Now we’re treated to the spectacle of self-styled liberals fighting tooth-and-nail to preserve the establishment, while those whom the progressives style conservative are attempting to effect institutional changes in response to the new reality. My handy-dandy Webster’s New World Dictionary defines ‘conservative’ as “. . . tending to preserve established institutions.” As governments at all levels have wrestled with mounting budget deficits, I’ve listened to ‘liberal’ politicians trot out the same progressive shibboleths I’ve heard my entire life. It’s as if they’re completely unaware that the nation no longer has the resources to maintain the institutions they’re trying to preserve.

It’s possible that the neo-liberals are mouthing their tired talking points in an attempt to establish their position for their political base, but when your house is burning down you don’t obstruct someone trying to call the fire department. Politicians and activists from the left side of the political aisle are looking more and more out of touch with reality, and increasingly more deserving of the ‘conservative’ moniker.


  1. Hi Blair,

    In a time of massive unemployment (albeit slightly improved of late) and an increasingly enormous gap between the rich and poor, I don’t see how we can scale back, or eliminate vital funding for education, job training, health care, and welfare. There has to be a tipping point where people have no recourse but to revolt. With gas predicted to get as high as $6.00 a gallon and people unable to find work or to feed their families, I think it’s irresponsible to be fixated on balancing the federal budget. After all, where was this fixation 10 years ago?

  2. Hi Keith,

    Thanks for stopping by and taking time to comment. I’m considering addressing your concerns in a future post, but I’ll settle for the abridged response just now.

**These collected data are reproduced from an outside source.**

(* There exist constants $c>0$ and $n_0$ with the following property. For any integer $n\ge n_0$, any integer $B\ge1$, any $\eta\in(0,1/2)$ and any $\epsilon\in(0,1)$, there exist a sequence of $n\times n$ matrices $(A(k))_{k\ge0}$ and an initial vector $x(0)\in\mathbb{R}^n$ such that: each $A(k)$ is doubly stochastic with positive diagonal entries and all its positive entries are at least $\eta$; for every integer $k\ge0$ the directed graph $(N,\mathcal{E}(A(kB))\cup\cdots\cup\mathcal{E}(A((k+1)B-1)))$ is strongly connected; and, with $x(k+1)=A(k)x(k)$, whenever $V(x(k))/V(x(0))\le\epsilon$ we have \[k\ge c\,\frac{n^2}{\eta}\,B\log\frac1\epsilon.\]
   Context: $N=\{1,\dots,n\}$. A matrix is doubly stochastic if it is nonnegative with all row and column sums equal to $1$. For a matrix $A=[a_{ij}]$, $\mathcal{E}(A)$ is the set of directed edges $(j,i)$ (including self-edges) with $a_{ij}>0$. For $x\in\mathbb{R}^n$, $\bar x=\frac1n\sum_ix_i$ and $V(x)=\sum_i(x_i-\bar x)^2$. *)

theory Defs
  imports Complex_Main
begin

text \<open>Matrices of size n are functions nat => nat => real, indices in {..<n}
  (0-based rendering of N = {1..n}); vectors are nat => real.\<close>

definition doubly_stochastic :: "nat \<Rightarrow> (nat \<Rightarrow> nat \<Rightarrow> real) \<Rightarrow> bool" where
  "doubly_stochastic n A \<longleftrightarrow>
     (\<forall>i<n. \<forall>j<n. A i j \<ge> 0) \<and>
     (\<forall>i<n. (\<Sum>j<n. A i j) = 1) \<and>
     (\<forall>j<n. (\<Sum>i<n. A i j) = 1)"

definition edges :: "nat \<Rightarrow> (nat \<Rightarrow> nat \<Rightarrow> real) \<Rightarrow> (nat \<times> nat) set" where
  "edges n A = {(j, i). i < n \<and> j < n \<and> A i j > 0}"

definition strongly_connected :: "nat \<Rightarrow> (nat \<times> nat) set \<Rightarrow> bool" where
  "strongly_connected n E \<longleftrightarrow> (\<forall>i<n. \<forall>j<n. (i, j) \<in> E\<^sup>*)"

definition mean :: "nat \<Rightarrow> (nat \<Rightarrow> real) \<Rightarrow> real" where
  "mean n x = (\<Sum>i<n. x i) / real n"

definition V :: "nat \<Rightarrow> (nat \<Rightarrow> real) \<Rightarrow> real" where
  "V n x = (\<Sum>i<n. (x i - mean n x)\<^sup>2)"

fun traj :: "nat \<Rightarrow> (nat \<Rightarrow> nat \<Rightarrow> nat \<Rightarrow> real) \<Rightarrow> (nat \<Rightarrow> real) \<Rightarrow> nat \<Rightarrow> (nat \<Rightarrow> real)" where
  "traj n A x0 0 = x0"
| "traj n A x0 (Suc k) = (\<lambda>i. \<Sum>j<n. A k i j * traj n A x0 k j)"

end

theory Submission
  imports Defs
begin

text \<open>Let \<open>\<omega> = cis (2\<pi>/n)\<close>. Apply the lazy cyclic shift \<open>(1 - \<eta>) I + \<eta> P\<close> at the last step of
  every window of length \<open>B\<close> and the identity otherwise. Every mode \<open>Re (z \<omega>\<^sup>i)\<close> is an eigenvector
  of the shift with eigenvalue \<open>\<mu> = 1 - \<eta> + \<eta> / \<omega>\<close>, so starting from \<open>x(0) = Re (\<omega>\<^sup>i)\<close> the state
  after \<open>k\<close> steps is the mode with \<open>z = \<mu>\<^sup>m\<close>, \<open>m = k div B\<close>, whose variance is \<open>n |\<mu>|\<^sup>2\<^sup>m / 2\<close>.
  Since \<open>|\<mu>|\<^sup>2 = 1 - 2\<eta>(1 - \<eta>)(1 - cos (2\<pi>/n)) \<ge> 1 - 4\<pi>\<^sup>2\<eta>/n\<^sup>2\<close>, the variance falls below
  \<open>\<epsilon>\<close> times its initial value only after \<open>m \<ge> n\<^sup>2 ln (1/\<epsilon>) / (8\<pi>\<^sup>2\<eta>)\<close> windows; the bound
  \<open>n \<ge> 9\<close> keeps the spectral gap below \<open>1/2\<close>, where \<open>ln (1 - a) \<ge> -2a\<close>.\<close>

lemma power_mod_eq_power:
  fixes w :: "'a :: monoid_mult"
  assumes "w ^ n = 1"
  shows "w ^ (m mod n) = w ^ m"
proof -
  have "w ^ m = (w ^ n) ^ (m div n) * w ^ (m mod n)"
    by (metis div_mult_mod_eq power_add power_mult mult.commute)
  then show ?thesis using assms by simp
qed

    I don’t object to social welfare programs in kind, but I take issue with the degree of bureacracy we’re now paying for, and getting relatively little in return. You can train and educate people for jobs until the cows come home, but without a sufficiently robust economy providing those jobs, there seems little point in the training. Demand creates work, training doesn’t create demand. And it’s not just a few government programs providing the services you cite, it is, as a recent GAO report points out, hundreds of programs providing often overlapping and redundant services. You have 535 people at the federal level and thousands more at state and local levels all trying to show their constituents what a good job they’re doing while spending other people’s money. Well, we’re out of money. Margaret Thatcher’s prediction for the future has arrived.

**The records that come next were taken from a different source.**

lemma ring_ideal_add_subgroup: "ring_ideal I \<Longrightarrow> add_subgroup I"
  and ring_ideal_mult_left: "ring_ideal I \<Longrightarrow> a \<in> I \<Longrightarrow> r * a \<in> I"
  by (simp_all add: ring_ideal_def)

lemma ring_ideal_zero: "ring_ideal I \<Longrightarrow> 0 \<in> I"
  and ring_ideal_add: "ring_ideal I \<Longrightarrow> a \<in> I \<Longrightarrow> b \<in> I \<Longrightarrow> a + b \<in> I"
  and ring_ideal_diff: "ring_ideal I \<Longrightarrow> a \<in> I \<Longrightarrow> b \<in> I \<Longrightarrow> a - b \<in> I"
  by (simp_all add: ring_ideal_add_subgroup add_subgroup_zero add_subgroup_add add_subgroup_diff)

lemma ring_ideal_mult_right: "ring_ideal I \<Longrightarrow> a \<in> I \<Longrightarrow> a * r \<in> I"
  using ring_ideal_mult_left[of I a r] by (simp add: mult.commute)

lemma ring_ideal_diff_iff: "ring_ideal I \<Longrightarrow> a - b \<in> I \<Longrightarrow> a \<in> I \<longleftrightarrow> b \<in> I"
  using ring_ideal_add[of I "a - b" b] ring_ideal_diff[of I a "a - b"] by auto

lemma ring_ideal_sum: "ring_ideal I \<Longrightarrow> (\<And>i. i \<in> A \<Longrightarrow> f i \<in> I) \<Longrightarrow> sum f A \<in> I"
  by (induction A rule: infinite_finite_induct) (auto intro: ring_ideal_zero ring_ideal_add)

lemma ring_ideal_power_diff: "ring_ideal I \<Longrightarrow> a - b \<in> I \<Longrightarrow> a ^ n - b ^ n \<in> I"
  using power_diff_sumr2[of a n b] by (auto intro: ring_ideal_mult_right)

text \<open>Modulo \<open>I\<close>, \<open>z\<^sup>s (1 - z\<^sup>d) \<equiv> 0\<close> and \<open>1 - z\<^sup>d\<close> is invertible since \<open>z\<close> is nilpotent.\<close>

lemma ring_ideal_power_mem_if_nilpotent:
  assumes I: "ring_ideal I" and st: "z ^ s - z ^ t \<in> I" "s < t" and nil: "z ^ E \<in> I"
  shows "z ^ s \<in> I"
proof -
  define d where "d = t - s"
  have "z ^ s * (1 - z ^ d) = z ^ s - z ^ t" using st(2)
    by (simp add: d_def right_diff_distrib power_add[symmetric])
  then have "z ^ s * (1 - z ^ d) * (\<Sum>l<E. (z ^ d) ^ l) \<in> I"
    using st(1) by (simp add: ring_ideal_mult_right[OF I])
  moreover have "z ^ s * (1 - z ^ d) * (\<Sum>l<E. (z ^ d) ^ l) = z ^ s * (1 - (z ^ d) ^ E)"
    by (simp only: one_diff_power_eq mult.assoc)
  moreover have "z ^ s * (1 - (z ^ d) ^ E) = z ^ s - z ^ (s + d * E)"
    by (simp add: right_diff_distrib power_add power_mult)
  moreover have "z ^ (s + d * E) \<in> I"
  proof -
    have "1 \<le> d" using st(2) by (simp add: d_def)
    then have "E \<le> d * E" by simp
    then have "E \<le> s + d * E" by linarith
    then have "z ^ (s + d * E) = z ^ E * z ^ (s + d * E - E)" by (simp add: power_add[symmetric])
    then show ?thesis using ring_ideal_mult_right[OF I nil] by simp
  qed
  ultimately show ?thesis using ring_ideal_diff_iff[OF I] by auto
qed

section \<open>A grading of the polynomial ring\<close>

lemma poly_ring_inf_simps [simp]:
  "carrier poly_ring_inf = UNIV" "monoid.mult poly_ring_inf = (*)" "monoid.one poly_ring_inf = 1"
  "ring.zero poly_ring_inf = 0" "ring.add poly_ring_inf = (+)"
  by (simp_all add: poly_ring_inf_def)

lemma cring_poly_ring_inf: "cring (poly_ring_inf :: ('a::comm_ring_1) mpoly_inf ring)"
  by (intro cringI abelian_groupI comm_monoidI)
    (auto simp: algebra_simps, metis ab_left_minus add.commute)

lemma ideal_poly_ring_inf_iff:
  "ideal S (poly_ring_inf :: ('a::comm_ring_1) mpoly_inf ring) \<longleftrightarrow> ring_ideal S"
proof -
  interpret cring "poly_ring_inf :: 'a mpoly_inf ring" by (rule cring_poly_ring_inf)
  have a_inv: "a_inv poly_ring_inf x = - x" for x :: "'a mpoly_inf"
    by (rule minus_equality) auto
  show ?thesis
  proof
    assume "ideal S poly_ring_inf"
    then interpret ideal S "poly_ring_inf :: 'a mpoly_inf ring" .
    show "ring_ideal S"
      using a_closed a_inv_closed I_l_closed additive_subgroup.zero_closed[OF is_additive_subgroup]
      by (auto simp: ring_ideal_def add_subgroup_def a_inv)
  next
    assume "ring_ideal S"
    then show "ideal S poly_ring_inf"
      by (intro idealI ring_axioms add.subgroupI)
        (auto simp: ring_ideal_def add_subgroup_def a_inv mult.commute)
  qed
qed

definition linear_form :: "('k \<Rightarrow> 'a) \<Rightarrow> ('k \<Rightarrow>\<^sub>0 'a::comm_ring_1) \<Rightarrow> 'a" where
  "linear_form F p = (\<Sum>m\<in>Poly_Mapping.keys p. Poly_Mapping.lookup p m * F m)"

lemma linear_form_add: "linear_form F (p + q) = linear_form F p + linear_form F q"
  unfolding linear_form_def
  by (rule setsum_keys_plus_distrib[where f = "\<lambda>k v. v * F k"]) (simp_all add: distrib_right)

    Reality cares not a whit for one’s political philosophy, and actions or lack thereof in the past are irrelevant to the present. We are here now. Because the only way to go is forward, we need to take such actions as will increase our chances of having a country and society at all.


  3. You could have been describing the European Union to a T.

  4. Hi 7,

    Thanks for stopping by. What neo-liberals are re-learning for the umpteenth time is that economic laws are every bit as real and inflexible as physical laws. While I don’t particularly mind paying for someone’s education, I very much mind paying for the education of folks who don’t seem able to learn the lesson.